0

Have built a Reinforcement Learning DQN with variable length sequences as inputs, and positive and negative rewards calculated for actions. Some problem with my DQN model in Keras means that although the model runs, average rewards over time decrease, over single and multiple cycles of epsilon. This does not change even after significant period of training. Single cycle of epsilon, average rewards decreasing

Multiple cycles of epsilon, average rewards decreasing

My thinking is that this is due to using MeanSquareError in Keras as the Loss function (minimising error). So I am trying to implement gradient ascent (to maximise reward). How to do this in Keras? My current model is:

model = Sequential()
inp = (env.NUM_TIMEPERIODS, env.NUM_FEATURES)
model.add(Input(shape=inp))  # 'a shape tuple(integers), not including batch-size
model.add(Masking(mask_value=0., input_shape=inp))

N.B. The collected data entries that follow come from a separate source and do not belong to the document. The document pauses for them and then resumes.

lemma is_norm_geometric_increments_convergent:
  fixes N :: "'a::euclidean_space \<Rightarrow> real" and x :: "nat \<Rightarrow> 'a"
  assumes N: "is_norm N" and bound: "\<And>k. N (x (Suc k) - x k) \<le> C * q ^ k"
    and "0 \<le> q" "q < 1"
  shows "convergent x"
proof -
  obtain c where c: "c > 0" "\<And>x. c * norm x \<le> N x" using is_norm_ge_const_norm[OF N] by blast
  have "summable (\<lambda>k. q ^ k * (C / c))"
    using \<open>0 \<le> q\<close> \<open>q < 1\<close> by (intro summable_mult2 summable_geometric) simp
  moreover have "norm (x (Suc k) - x k) \<le> q ^ k * (C / c)" for k
    using order_trans[OF c(2) bound] c(1) by (simp add: field_simps mult.commute)
  ultimately have "summable (\<lambda>k. x (Suc k) - x k)" by (rule summable_comparison_test')
  then have "(\<lambda>n. x 0 + (\<Sum>k<n. x (Suc k) - x k)) \<longlonglongrightarrow> x 0 + (\<Sum>k. x (Suc k) - x k)"
    by (intro tendsto_add tendsto_const summable_LIMSEQ)
  then show ?thesis by (simp add: sum_lessThan_telescope convergentI)
qed

lemma residual_after_linear_correction:
  assumes Ny: "is_norm Ny" and A: "linear A" and v: "A v = y - g x"
    and perturbation: "Ny ((g (x + v) - A (x + v)) - (g x - A x)) \<le> \<delta> * Nx v"
  shows "Ny (y - g (x + v)) \<le> \<delta> * Nx v"
proof -
  have "y - g (x + v) = - ((g (x + v) - A (x + v)) - (g x - A x))"
    using v by (simp add: linear_add[OF A] algebra_simps)
  then have "Ny (y - g (x + v)) = Ny ((g (x + v) - A (x + v)) - (g x - A x))"
    by (simp only: is_norm_minus[OF Ny])
  then show ?thesis using perturbation by simp
qed

lemma graves_radius_bound:
  fixes \<delta> \<mu> M r :: real
  assumes "0 \<le> \<delta>" "\<delta> < \<mu>" "0 \<le> M" "M \<le> (\<mu> - \<delta>) * r"
  shows "(1 - (\<delta> / \<mu>) ^ k) * (M / (\<mu> - \<delta>)) \<le> r"
proof -
  have "0 \<le> (\<delta> / \<mu>) ^ k * (M / (\<mu> - \<delta>))" using assms(1-3) by simp
  moreover have "M / (\<mu> - \<delta>) \<le> r" using assms(2,4) by (simp add: divide_le_eq mult.commute)
  ultimately show ?thesis by (simp add: algebra_simps)
qed
(* Let $G=(V,E)$ be a finite simple graph with $|E|=2|V|-3$. Then the graphic matroid of $G$ has a rainbow circuit-free coloring using each color at most twice if and only if $G$ can be constructed from $K_2$ (a single edge) by a sequence of (H0) operations.
   Context: The graphic matroid of $G$ has ground set $E$, independent sets being the edge sets of forests; its circuits are the edge sets of cycles. A coloring of $E$ is a partition into nonempty color classes; it is rainbow circuit-free if no cycle of $G$ has all its edges of pairwise different colors. The (H0) operation on a graph adds a new vertex $z$ together with edges $uz$ and $vz$, where $u,v$ are two distinct already existing vertices. *)

theory Defs
  imports Main
begin

definition simple_graph :: "'a set \<Rightarrow> 'a set set \<Rightarrow> bool" where
  "simple_graph V E \<longleftrightarrow> finite V \<and>
     (\<forall>e\<in>E. \<exists>u v. u \<in> V \<and> v \<in> V \<and> u \<noteq> v \<and> e = {u, v})"

definition cycle_edges :: "'a list \<Rightarrow> 'a set set" where
  "cycle_edges vs = {{vs ! i, vs ! ((i + 1) mod length vs)} | i. i < length vs}"

text \<open>C is the edge set of a cycle of the graph (a circuit of the graphic matroid).\<close>
definition is_cycle :: "'a set set \<Rightarrow> 'a set set \<Rightarrow> bool" where
  "is_cycle E C \<longleftrightarrow> (\<exists>vs. distinct vs \<and> length vs \<ge> 3 \<and>
      cycle_edges vs \<subseteq> E \<and> C = cycle_edges vs)"

text \<open>A coloring of E: a partition of E into nonempty colour classes.\<close>
definition coloring :: "'a set set \<Rightarrow> 'a set set set \<Rightarrow> bool" where
  "coloring E P \<longleftrightarrow> \<Union>P = E \<and> {} \<notin> P \<and>
     (\<forall>X\<in>P. \<forall>Y\<in>P. X \<noteq> Y \<longrightarrow> X \<inter> Y = {})"

definition rainbow_circuit_free :: "'a set set \<Rightarrow> 'a set set set \<Rightarrow> bool" where
  "rainbow_circuit_free E P \<longleftrightarrow>
     \<not> (\<exists>C. is_cycle E C \<and> (\<forall>X\<in>P. card (C \<inter> X) \<le> 1))"

inductive H0_constructible :: "'a set \<Rightarrow> 'a set set \<Rightarrow> bool" where
  K2: "u \<noteq> v \<Longrightarrow> H0_constructible {u, v} {{u, v}}"
| H0: "H0_constructible V E \<Longrightarrow> u \<in> V \<Longrightarrow> v \<in> V \<Longrightarrow> u \<noteq> v \<Longrightarrow> z \<notin> V \<Longrightarrow>
       H0_constructible (insert z V) (E \<union> {{u, z}, {v, z}})"

end

theory Submission
  imports Defs
begin

(* Suppose E has a rainbow circuit-free colouring P with classes of size at most two.
   Picking one edge from each class gives a rainbow, hence acyclic, edge set, so |P| < |V|;
   as |E| = 2|V| - 3 this forces |P| = |V| - 1.  Picking edges that avoid a vertex x shows
   in the same way that some class has x as a common vertex of all its edges, and double
   counting then shows that every vertex is the common vertex of exactly one class.  Orient
   every edge of a two-edge class towards the common vertex of the class.  If no vertex w
   had exactly the two edges of its own class, every such vertex would have an outgoing
   edge, and following outgoing edges would close a directed cycle whose edges all have
   different colours.  So such a w exists; deleting w and its class undoes an (H0) step,
   and induction applies.  Conversely, the two edges added by an (H0) step form a new
   class, and every cycle through the new vertex uses both of them. *)

section \<open>Cycles and forests\<close>

lemma simple_graph_edgeE:
  assumes "simple_graph V E" "e \<in> E"
  obtains u v where "u \<in> V" "v \<in> V" "u \<noteq> v" "e = {u, v}"
  using assms unfolding simple_graph_def by blast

model.add(LSTM(env.NUM_FEATURES, input_shape=inp, return_sequences=True))
model.add(LSTM(env.NUM_FEATURES))
model.add(Dense(env.NUM_FEATURES))
model.add(Dense(4))

model.compile(loss='mse,
              optimizer=Adam(lr=LEARNING_RATE, decay=DECAY),
              metrics=[tf.keras.losses.MeanSquaredError()])

In trying to implement gradient ascent, by 'flipping' the gradient (as negative or inverse loss?), I have tried various loss definitions:

loss=-'mse'    
loss=-tf.keras.losses.MeanSquaredError()    
loss=1/tf.keras.losses.MeanSquaredError()

but these all generate bad operand [for unary] errors.

How to adapt current Keras model to maximise rewards ? Or is this gradient ascent not even the problem? Could it be some issue with the action policy?

MarkD
  • 395
  • 3
  • 14

1 Answers1

1

Writing a custom loss function

Here is the loss function you want

@tf.function
def positive_mse(y_true, y_pred):
    return -1 * tf.keras.losses.MSE(y_true, y_pred)

And then your compile line becomes

model.compile(loss=positive_mse,
          optimizer=Adam(lr=LEARNING_RATE, decay=DECAY),
          metrics=[tf.keras.losses.MeanSquaredError()])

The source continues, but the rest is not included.